(* Let $\rho>0$, let $f\colon\mathbb{R}^d\to\mathbb{R}$ be $C^1$ with $\rho$-Lipschitz gradient, let $r\colon\mathbb{R}^d\to\mathbb{R}\cup\{+\infty\}$ be a proper closed convex function, and $\varphi=f+r$. Suppose: (A1) one can generate i.i.d. realizations $\xi_0,\xi_1,\ldots\sim P$ from a probability space $(\Omega,\mathcal{F},P)$; (A2) there is an open set $U\supseteq\mathrm{dom}\,r$ and a measurable map $G\colon U\times\Omega\to\mathbb{R}^d$ with $\mathbb{E}_\xi[G(x,\xi)]=\nabla f(x)$ for all $x\in U$; ($\overline{\rm A3}$) there is $\sigma\ge0$ with $\mathbb{E}_\xi\|G(x,\xi)-\nabla f(x)\|^2\le\sigma^2$ for all $x\in\mathrm{dom}\,r$. Let $x_0\in\mathrm{dom}\,r$ and $x_{t+1}=\mathrm{prox}_{\alpha_t r}\big(x_t-\alpha_tG(x_t,\xi_t)\big)$ for $t\ge0$. Fix $\bar\rho>\rho$ and stepsizes $\alpha_t\in(0,1/\bar\rho]$, and let $\hat x_t=\operatorname{argmin}_y\{\varphi(y)+\frac{\bar\rho}{2}\|y-x_t\|^2\}$. Then for every $t\ge0$, $$\mathbb{E}_t\|x_{t+1}-\hat x_t\|^2\le\|x_t-\hat x_t\|^2+\alpha_t^2\sigma^2-\alpha_t(\bar\rho-\rho)\|x_t-\hat x_t\|^2.$$
   Context: $\mathrm{prox}_{\alpha r}(x)=\operatorname{argmin}_y\{r(y)+\frac{1}{2\alpha}\|y-x\|^2\}$. $\mathbb{E}_t$ denotes expectation conditioned on $\xi_0,\ldots,\xi_{t-1}$. *)

theory Defs
  imports "HOL-Probability.Probability"
begin

definition edom :: "('a \<Rightarrow> ereal) \<Rightarrow> 'a set" where
  "edom r = {x. r x < \<infinity>}"

definition proper_fun :: "('a \<Rightarrow> ereal) \<Rightarrow> bool" where
  "proper_fun r \<longleftrightarrow> (\<forall>x. r x \<noteq> -\<infinity>) \<and> (\<exists>x. r x < \<infinity>)"

definition closed_fun :: "('a::topological_space \<Rightarrow> ereal) \<Rightarrow> bool" where
  "closed_fun r \<longleftrightarrow> closed {(x, y::real). r x \<le> ereal y}"

definition convex_fun :: "('a::real_vector \<Rightarrow> ereal) \<Rightarrow> bool" where
  "convex_fun r \<longleftrightarrow> convex {(x, y::real). r x \<le> ereal y}"

definition argmin :: "('a \<Rightarrow> 'b::linorder) \<Rightarrow> 'a" where
  "argmin g = (THE y. \<forall>z. g y \<le> g z)"

definition prox :: "real \<Rightarrow> ('a::real_normed_vector \<Rightarrow> ereal) \<Rightarrow> 'a \<Rightarrow> 'a" where
  "prox \<alpha> r x = argmin (\<lambda>y. r y + ereal (norm (y - x) ^ 2 / (2 * \<alpha>)))"

end

theory Submission
  imports Defs
begin

(* Write x' = prox_{\<alpha> r}(x - \<alpha> G(x, \<xi>)) and let xh be the proximal point of \<phi> = f + r at x.
   Since f + (\<rho>b/2)|. - x|^2 is (\<rho>b - \<rho>)-strongly convex, xh exists, and its first-order
   condition says that xh is a fixed point of the deterministic step
   y \<mapsto> prox_{\<alpha> r}(y - \<alpha> (\<nabla>f(y) + \<rho>b (y - x))).  As prox_{\<alpha> r} is nonexpansive,
     |x' - xh| \<le> |(1 - \<alpha> \<rho>b)(x - xh) - \<alpha> (\<nabla>f(x) - \<nabla>f(xh)) - \<alpha> e|,   e = G(x, \<xi>) - \<nabla>f(x).
   The deterministic part has norm at most (1 - \<alpha> (\<rho>b - \<rho>)) |x - xh| because \<nabla>f is
   \<rho>-Lipschitz, and e has mean zero and second moment at most \<sigma>^2, so the expected square is at
   most (1 - \<alpha> (\<rho>b - \<rho>)) |x - xh|^2 + \<alpha>^2 \<sigma>^2.  Conditionally on \<xi>_0, ..., \<xi>_{t-1} the
   iterate x_t is fixed and \<xi>_t is an independent sample of P, so the conditional expectation is
   this expectation evaluated at x = x_t. *)

section \<open>Subgradients and minimisers of convex extended-real functions\<close>

definition subgradient :: "('a::real_inner \<Rightarrow> ereal) \<Rightarrow> 'a \<Rightarrow> 'a \<Rightarrow> bool" where
  "subgradient r x g \<longleftrightarrow>
    \<bar>r x\<bar> \<noteq> \<infinity> \<and> (\<forall>y. r x + ereal (g \<bullet> (y - x)) \<le> r y)"

lemma subgradient_monotone:
  assumes "subgradient r x g" and "subgradient r y h"
  shows "0 \<le> (g - h) \<bullet> (x - y)"
proof -
  obtain a b where a: "r x = ereal a" and b: "r y = ereal b"
    using assms by (cases "r x"; cases "r y") (auto simp: subgradient_def)
  have "ereal (a + g \<bullet> (y - x)) \<le> ereal b" "ereal (b + h \<bullet> (x - y)) \<le> ereal a"
    using assms a b unfolding subgradient_def by (metis plus_ereal.simps(1))+
  then have "0 \<le> g \<bullet> (x - y) + h \<bullet> (y - x)"
    by (simp add: inner_diff_right)
  then show ?thesis by (simp add: inner_diff_left inner_diff_right)
qed

lemma power2_norm_diff_split:
  fixes x y u :: "'a::real_inner"
  shows "norm (y - x)^2 = norm (y - u)^2 + 2 * ((u - x) \<bullet> (y - u)) + norm (u - x)^2"
proof -
  have "norm (y - x)^2 = (y - u + (u - x)) \<bullet> (y - u + (u - x))"
    by (simp add: power2_norm_eq_inner)
  also have "\<dots> = norm (y - u)^2 + 2 * ((u - x) \<bullet> (y - u)) + norm (u - x)^2"
    by (simp only: inner_add_left inner_add_right inner_commute[of "y - u" "u - x"]
        power2_norm_eq_inner)
  finally show ?thesis .
qed

lemma proper_fun_ex_finite:
  assumes "proper_fun r"
  obtains x c where "r x = ereal c"
proof -
  obtain x where "r x < \<infinity>" "r x \<noteq> -\<infinity>" using assms unfolding proper_fun_def by blast
  then show ?thesis using that by (cases "r x") auto
qed

lemma convex_funD:
  fixes r :: "'a::real_vector \<Rightarrow> ereal"
  assumes "convex_fun r" and "r x = ereal a" and "r y = ereal b" and "0 \<le> t" and "t \<le> 1"
  shows "r ((1 - t) *\<^sub>R x + t *\<^sub>R y) \<le> ereal ((1 - t) * a + t * b)"
proof -
  let ?E = "{(x, y::real). r x \<le> ereal y}"
  have "(x, a) \<in> ?E" "(y, b) \<in> ?E" using assms(2,3) by auto
  with assms(1,4,5) have "(1 - t) *\<^sub>R (x, a) + t *\<^sub>R (y, b) \<in> ?E"
    unfolding convex_fun_def convex_def by (meson diff_add_cancel diff_ge_0_iff_ge)
  then show ?thesis by simp
qed

lemma convex_fun_affine_minorant:
  fixes r :: "'a::euclidean_space \<Rightarrow> ereal"
  assumes "proper_fun r" and "closed_fun r" and "convex_fun r"
  obtains a b where "\<And>x. ereal (a \<bullet> x + b) \<le> r x"
proof -
  let ?E = "{(x, y::real). r x \<le> ereal y}"
  obtain x1 c where c: "r x1 = ereal c" using proper_fun_ex_finite[OF assms(1)] .
  have "(x1, c - 1) \<notin> ?E" using c by auto
  from separating_hyperplane_closed_point[OF assms(3)[unfolded convex_fun_def]
      assms(2)[unfolded closed_fun_def] this]
  obtain a1 a2 b where sep: "(a1, a2) \<bullet> (x1, c - 1) < b" "\<forall>z\<in>?E. (a1, a2) \<bullet> z > b"
    by (metis surj_pair)
  have "(x1, c) \<in> ?E" using c by auto
  with sep have "a1 \<bullet> x1 + a2 * (c - 1) < b" "b < a1 \<bullet> x1 + a2 * c" by auto
  then have a2: "a2 > 0" by (simp add: algebra_simps)
  have "ereal ((- a1 /\<^sub>R a2) \<bullet> x + b / a2) \<le> r x" for x
  proof (cases "r x")
    case (real v)
    with sep have "b < a1 \<bullet> x + a2 * v" by auto
    then show ?thesis using real a2 by (simp add: field_simps inner_commute)
  qed (use assms(1) in \<open>auto simp: proper_fun_def\<close>)
  then show ?thesis using that by blast
qed

text \<open>Compare the minimiser \<open>u\<close> with the points \<open>u + t (y - u)\<close> for small \<open>t > 0\<close>.\<close>
lemma subgradient_at_minimizer:
  fixes r :: "'a::real_inner \<Rightarrow> ereal" and s :: "'a \<Rightarrow> real"
  assumes proper: "proper_fun r" and convex: "convex_fun r"
    and min: "\<And>z. r u + ereal (s u) \<le> r z + ereal (s z)"
    and upper: "\<And>z. s z \<le> s u + g \<bullet> (z - u) + L / 2 * norm (z - u)^2" and L: "0 \<le> L"
  shows "subgradient r u (- g)"
proof -
  obtain x1 c1 where "r x1 = ereal c1" using proper_fun_ex_finite[OF proper] .
  then have "r u \<noteq> \<infinity>" using min[of x1] by auto
  then obtain a where a: "r u = ereal a"
    using proper by (cases "r u") (auto simp: proper_fun_def)
  have variational: "a \<le> b + g \<bullet> (y - u)" if b: "r y = ereal b" for y b
  proof (rule ccontr)
    assume not_var: "\<not> ?thesis"
    define e where "e = a - b - g \<bullet> (y - u)"
    define K where "K = L * norm (y - u)^2"
    define t where "t = min 1 (e / (K + 1))"
    have e: "e > 0" and K: "K \<ge> 0" using not_var L by (auto simp: e_def K_def)
    then have t: "0 < t" "t \<le> 1" by (auto simp: t_def)
    have "t * K \<le> e / (K + 1) * K" using K by (intro mult_right_mono) (auto simp: t_def)
    also have "\<dots> < e" using e K by (simp add: field_simps)
    finally have tK: "t * K < e" .
    define w where "w = (1 - t) *\<^sub>R u + t *\<^sub>R y"
    have wu: "w - u = t *\<^sub>R (y - u)" by (simp add: w_def algebra_simps)
    have "ereal (a + s u) \<le> r w + ereal (s w)" using min[of w] a by simp
    also have "\<dots> \<le> ereal ((1 - t) * a + t * b) + ereal (s w)"
      using convex_funD[OF convex a b, of t] t by (intro add_right_mono) (simp add: w_def)
    finally have "a + s u \<le> (1 - t) * a + t * b + s w" by simp
    moreover have "s w \<le> s u + t * (g \<bullet> (y - u)) + t * (t * K / 2)"
      using upper[of w] t unfolding wu by (simp add: K_def power2_eq_square mult_ac)
    ultimately have "t * a \<le> t * (b + g \<bullet> (y - u) + t * K / 2)" by (simp add: algebra_simps)
    then have "a \<le> b + g \<bullet> (y - u) + t * K / 2" using t by simp
    with tK e show False by (simp add: e_def)
  qed
  show ?thesis
    unfolding subgradient_def
  proof (intro conjI allI)
    fix y show "r u + ereal (- g \<bullet> (y - u)) \<le> r y"
      using variational[of y] a proper by (cases "r y") (auto simp: proper_fun_def)
  qed (simp add: a)
qed

lemma subgradient_quadratic_growth:
  fixes r :: "'a::real_inner \<Rightarrow> ereal" and s :: "'a \<Rightarrow> real"
  assumes sub: "subgradient r u (- g)"
    and lower: "\<And>z. s u + g \<bullet> (z - u) + m / 2 * norm (z - u)^2 \<le> s z"
  shows "r u + ereal (s u) + ereal (m / 2 * norm (y - u)^2) \<le> r y + ereal (s y)"
proof -
  obtain a where a: "r u = ereal a" using sub by (cases "r u") (auto simp: subgradient_def)
  have "ereal (a - g \<bullet> (y - u)) \<le> r y" using sub a unfolding subgradient_def by auto
  then show ?thesis using a lower[of y] by (cases "r y") auto
qed

lemma argmin_eqI:
  assumes "\<And>y. y \<noteq> u \<Longrightarrow> g u < g y"
  shows "argmin g = u"
  unfolding argmin_def
proof (rule the_equality)
  show "\<forall>z. g u \<le> g z" using assms by (metis order_less_imp_le order_refl)
  show "y = u" if "\<forall>z. g y \<le> g z" for y using that assms by (metis leD)
qed

lemma argmin_eq_subgradient:
  fixes r :: "'a::real_inner \<Rightarrow> ereal" and s :: "'a \<Rightarrow> real"
  assumes sub: "subgradient r u (- g)"
    and lower: "\<And>z. s u + g \<bullet> (z - u) + m / 2 * norm (z - u)^2 \<le> s z" and m: "0 < m"
  shows "argmin (\<lambda>y. r y + ereal (s y)) = u"
proof (rule argmin_eqI)
  fix y assume "y \<noteq> u"
  obtain a where a: "r u = ereal a" using sub by (cases "r u") (auto simp: subgradient_def)
  have "r u + ereal (s u) < r u + ereal (s u) + ereal (m / 2 * norm (y - u)^2)"
    using \<open>y \<noteq> u\<close> m a by simp
  also have "\<dots> \<le> r y + ereal (s y)" by (rule subgradient_quadratic_growth[OF sub lower])
  finally show "r u + ereal (s u) < r y + ereal (s y)" .
qed

lemma quadratic_eventually_gt:
  fixes m k d C :: real
  assumes "0 < m"
  obtains R where "0 \<le> R" and "\<And>n. R < n \<Longrightarrow> C < d - k * n + m / 2 * n^2"
proof
  define R where "R = 1 + 2 * (\<bar>k\<bar> + \<bar>C - d\<bar>) / m"
  show "0 \<le> R" using assms by (simp add: R_def)
  fix n assume n: "R < n"
  have R1: "1 \<le> R" using assms by (simp add: R_def)
  have "m / 2 * n * R < m / 2 * n^2" using n R1 assms by (simp add: power2_eq_square)
  moreover have "m / 2 * n * R = m / 2 * n + n * (\<bar>k\<bar> + \<bar>C - d\<bar>)"
    using assms by (simp add: R_def field_simps)
  moreover have "\<bar>C - d\<bar> \<le> n * \<bar>C - d\<bar>" "k * n \<le> n * \<bar>k\<bar>" "0 \<le> m / 2 * n"
    using n R1 assms mult_right_mono[of 1 n "\<bar>C - d\<bar>"] by (auto simp: mult.commute abs_if)
  ultimately show "C < d - k * n + m / 2 * n^2" by (simp add: algebra_simps)
qed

§ To do:
Please transcribe only the lines in the records above running from the line that has "mult_right_mono) (auto simp: t_def)" through the line that has "w] a by simp", both included, exactly as they appear.

§ Task answer:
    have "t * K \<le> e / (K + 1) * K" using K by (intro mult_right_mono) (auto simp: t_def)
    also have "\<dots> < e" using e K by (simp add: field_simps)
    finally have tK: "t * K < e" .
    define w where "w = (1 - t) *\<^sub>R u + t *\<^sub>R y"
    have wu: "w - u = t *\<^sub>R (y - u)" by (simp add: w_def algebra_simps)
    have "ereal (a + s u) \<le> r w + ereal (s w)" using min[of w] a by simp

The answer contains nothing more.